A nursing home has built a replica of a 1950s main street within its grounds to provide residents with an opportunity to rekindle memories and take part in activities and sensations that they experienced in their younger years.

The ‘main street’ is part of various sensory experiences that staff at Robert Harvey House, in Birmingham in the United Kingdom, have provided to residents to stimulate the senses and spark memories.

'Sensory Street'. Image: BBC.

‘Sensory Street’. Image: BBC.

As well as the ‘main street’, music from the 1950s is played inside the home, and the residents can interact with animals, including a goat, parrots, guinea pigs, and ducks.

The main street, which is called ‘Sensory Street’, contains an old-fashioned lolly shop, a petrol pump, a post office, and a tea shop complete with Union Jack bunting across the front. 

Residents can go inside the shops, and use the spaces as they would have in the past.

The BBC have made a short film about the facility, where more than half of the residents are living with dementia.

“We try to make the day special”

The idea for the main street came from a staff member’s trip to the Netherlands, where they saw a similar concept.

Anthea Reid, the manager of Robert Harvey House, said in the video that even when the weather’s bad, residents like to go out onto the street.

The tea room. Image: BBC.

The tea room. Image: BBC.

“Even if we haven’t got the glorious day like today, well wrap them up in a blanket, bring them out, take them out in the tea room, put the heating on, and try to make the day special,” she said.

Viv, whose mother Audrey has been a resident at the home for more than two years, said just being able to go to the butcher reminds her mother of happy times in the past.

“My mum was just saying about the butcher shop, she can’t remember the last time she saw a butcher. So just thinking about those things is really positive – how she felt when she was younger, the places she visited when she was younger.”

“There’s a connection, a smile, a laugh, something that improves that day”

Caroline Cooban is the chief executive of the Broadening Choices for Older People charity, which runs the facility. 

Viv with her mother Audrey. Image: BBC.

Viv with her mother Audrey. Image: BBC.

In the BBC video, she said, “If you have advanced dementia you may not necessarily recall what’s happening.

“But in that moment, if there’s a connection, a smile, a laugh, something that improves that day, that’s the most important thing.”

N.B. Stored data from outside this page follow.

text \<open>Comparing coefficients of \<open>x\<^sup>b\<close> leaves only \<open>p\<^sub>0 s\<^sub>b = 0\<close> with \<open>s\<^sub>b\<close> a unit, so
  \<open>p = x q\<close>, and \<open>q\<close> is still residually \<open>x\<^sup>a\<^sup>-\<^sup>1\<close>, hence not a unit.\<close>

lemma not_irreducible_factor_x_power:
  assumes ps: "p * s = [:0, 1:] ^ n" and p: "residually_monomial a p" and a: "2 \<le> a"
    and s: "residually_monomial b s" and low: "b < a \<or> coeff s (b - a) = 0"
  shows "\<not> irreducible p"
proof
  assume irr: "irreducible p"
  have "residually_monomial (a + b) ([:0, 1:] ^ n)"
    using residually_monomial_mult[OF p s] ps by simp
  then have "a + b = n"
    using residually_monomial_x_power by (rule residually_monomial_unique)
  then have "b \<noteq> n"
    using a by simp
  have "coeff p i * coeff s (b - i) = 0" if i: "i \<in> {..b} - {0}" for i
  proof (cases "i = a")
    case True
    then show ?thesis using low i by auto
  next
    case False
    then have "coeff p i \<in> M" "coeff s (b - i) \<in> M"
      using p s i unfolding residually_monomial_def by auto
    then show ?thesis
      by (rule square_zero)
  qed
  then have "coeff (p * s) b = coeff p 0 * coeff s b"
    unfolding coeff_mult by (simp add: sum.remove[of "{..b}" 0])
  then have "coeff p 0 * coeff s b = 0"
    using ps \<open>b \<noteq> n\<close> by (simp add: coeff_x_power)
  moreover obtain t where "coeff s b * t = 1"
    using s unit_if_not_mem unfolding residually_monomial_def by (metis dvdE)
  ultimately have "coeff p 0 = coeff p 0 * (coeff s b * t)"
    by simp
  also have "\<dots> = 0"
    using \<open>coeff p 0 * coeff s b = 0\<close> by (simp add: mult.assoc[symmetric])
  finally have "coeff p 0 = 0" .
  then obtain q where "p = pCons 0 q"
    by (metis coeff_pCons_0 pCons_cases)
  then have q: "p = [:0, 1:] * q" and coeff_q: "\<And>i. coeff q i = coeff p (Suc i)"
    by simp_all
  have "Suc (a - 1) = a"
    using a by simp
  then have "residually_monomial (a - 1) q"
    using p unfolding residually_monomial_def coeff_q by (metis Suc_inject)
  then have "\<not> q dvd 1"
    by (rule not_unit_if_residually_monomial) (use a in simp)
  then show False
    using irreducibleD[OF irr q] x_power_not_unit[of 1] by simp
qed

lemma two_not_in_lengths_x_power:
  assumes "odd n"
  shows "2 \<notin> lengths ([:0, 1:] ^ n :: 'a poly)"
proof
  assume "2 \<in> lengths ([:0, 1:] ^ n :: 'a poly)"
  then obtain p q :: "'a poly" where irr: "irreducible p" "irreducible q"
    and pq: "p * q = [:0, 1:] ^ n"
    unfolding lengths_def by (auto simp: length_Suc_conv numeral_2_eq_2)
  have qp: "q * p = [:0, 1:] ^ n"
    using pq by (simp add: mult.commute)
  have p: "residually_monomial (residual_degree p) p" "1 \<le> residual_degree p"
    using irreducible_factor_x_power[OF irr(1)] pq by (metis dvd_triv_left)+
  have q: "residually_monomial (residual_degree q) q" "1 \<le> residual_degree q"
    using irreducible_factor_x_power[OF irr(2)] pq by (metis dvd_triv_right)+
  have "residual_degree p + residual_degree q = n"
    using sum_residual_degrees_eq[of "[p, q]"] pq by simp
  then have "residual_degree p \<noteq> residual_degree q"
    using assms by auto
  then have "residual_degree q < residual_degree p \<or> residual_degree p < residual_degree q"
    by linarith
  then show False
  proof
    assume "residual_degree q < residual_degree p"
    then show False
      using not_irreducible_factor_x_power[OF pq p(1) _ q(1)] q(2) irr(1) by simp
  next
    assume "residual_degree p < residual_degree q"
    then show False
      using not_irreducible_factor_x_power[OF qp q(1) _ p(1)] p(2) irr(2) by simp
  qed
qed

text \<open>A coefficient of degree \<open>j\<close> of a product of \<open>k\<close> polynomials is a sum of products
  involving at least \<open>k - j\<close> constant terms; if these lie in \<open>M\<close> and \<open>k - j \<ge> 2\<close>, it vanishes.\<close>

lemma low_coeff_prod_list:
  assumes "\<forall>p\<in>set ps. coeff p 0 \<in> M"
  shows "(j < length ps \<longrightarrow> coeff (prod_list ps) j \<in> M) \<and>
    (j + 2 \<le> length ps \<longrightarrow> coeff (prod_list ps) j = 0)"
  using assms
proof (induction ps arbitrary: j)
  case Nil
  then show ?case by simp
next
  case (Cons p ps)
  have p0: "coeff p 0 \<in> M"
    using Cons.prems by simp
  have IH: "(i < length ps \<longrightarrow> coeff (prod_list ps) i \<in> M) \<and>
      (i + 2 \<le> length ps \<longrightarrow> coeff (prod_list ps) i = 0)" for i
    using Cons by simp
  show ?case
  proof (intro conjI impI)
    assume "j < length (p # ps)"
    then have "coeff p i * coeff (prod_list ps) (j - i) \<in> M" if "i \<le> j" for i
      using IH[of "j - i"] p0 that mult_mem_left mult_mem_right by (cases "i = 0") auto
    then show "coeff (prod_list (p # ps)) j \<in> M"
      unfolding prod_list.Cons coeff_mult by (intro sum_mem) simp
  next
    assume "j + 2 \<le> length (p # ps)"
    then have "coeff p i * coeff (prod_list ps) (j - i) = 0" if "i \<le> j" for i
      using IH[of "j - i"] IH[of j] p0 that square_zero by (cases "i = 0") auto
    then show "coeff (prod_list (p # ps)) j = 0"
      by (simp add: coeff_mult)
  qed
qed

What is reminiscence therapy?

According to Dementia Australia, reminiscence therapy involves someone living with dementia reviewing past events in an experience that can be very positive and rewarding. 

Maree McCabe, CEO of Dementia Australia told HelloCare, “The benefits of reminiscence therapy for people living with dementia, is that it brings back beautiful memories. 

“It reminds them of the people that they were and that they still are. 

“Reminiscence therapy allows them to reconnect with family, loved ones, pets and events that shaped who they are.”  

An old rationed telephone booth. Image: BBC.

An old rationed telephone booth. Image: BBC.

Even though the person with dementia may not be able to respond verbally to what is happening around them, reflecting on their passt can still give them pleasure. 

Remembering can also provide a distraction if someone living with dementia becomes anxious, agitated or upset. 

Remembering the past events can provide a sense of peace and happiness, but it can also stir up painful or sad memories. When using reminiscence, it’s important to be alert to the person’s reactions.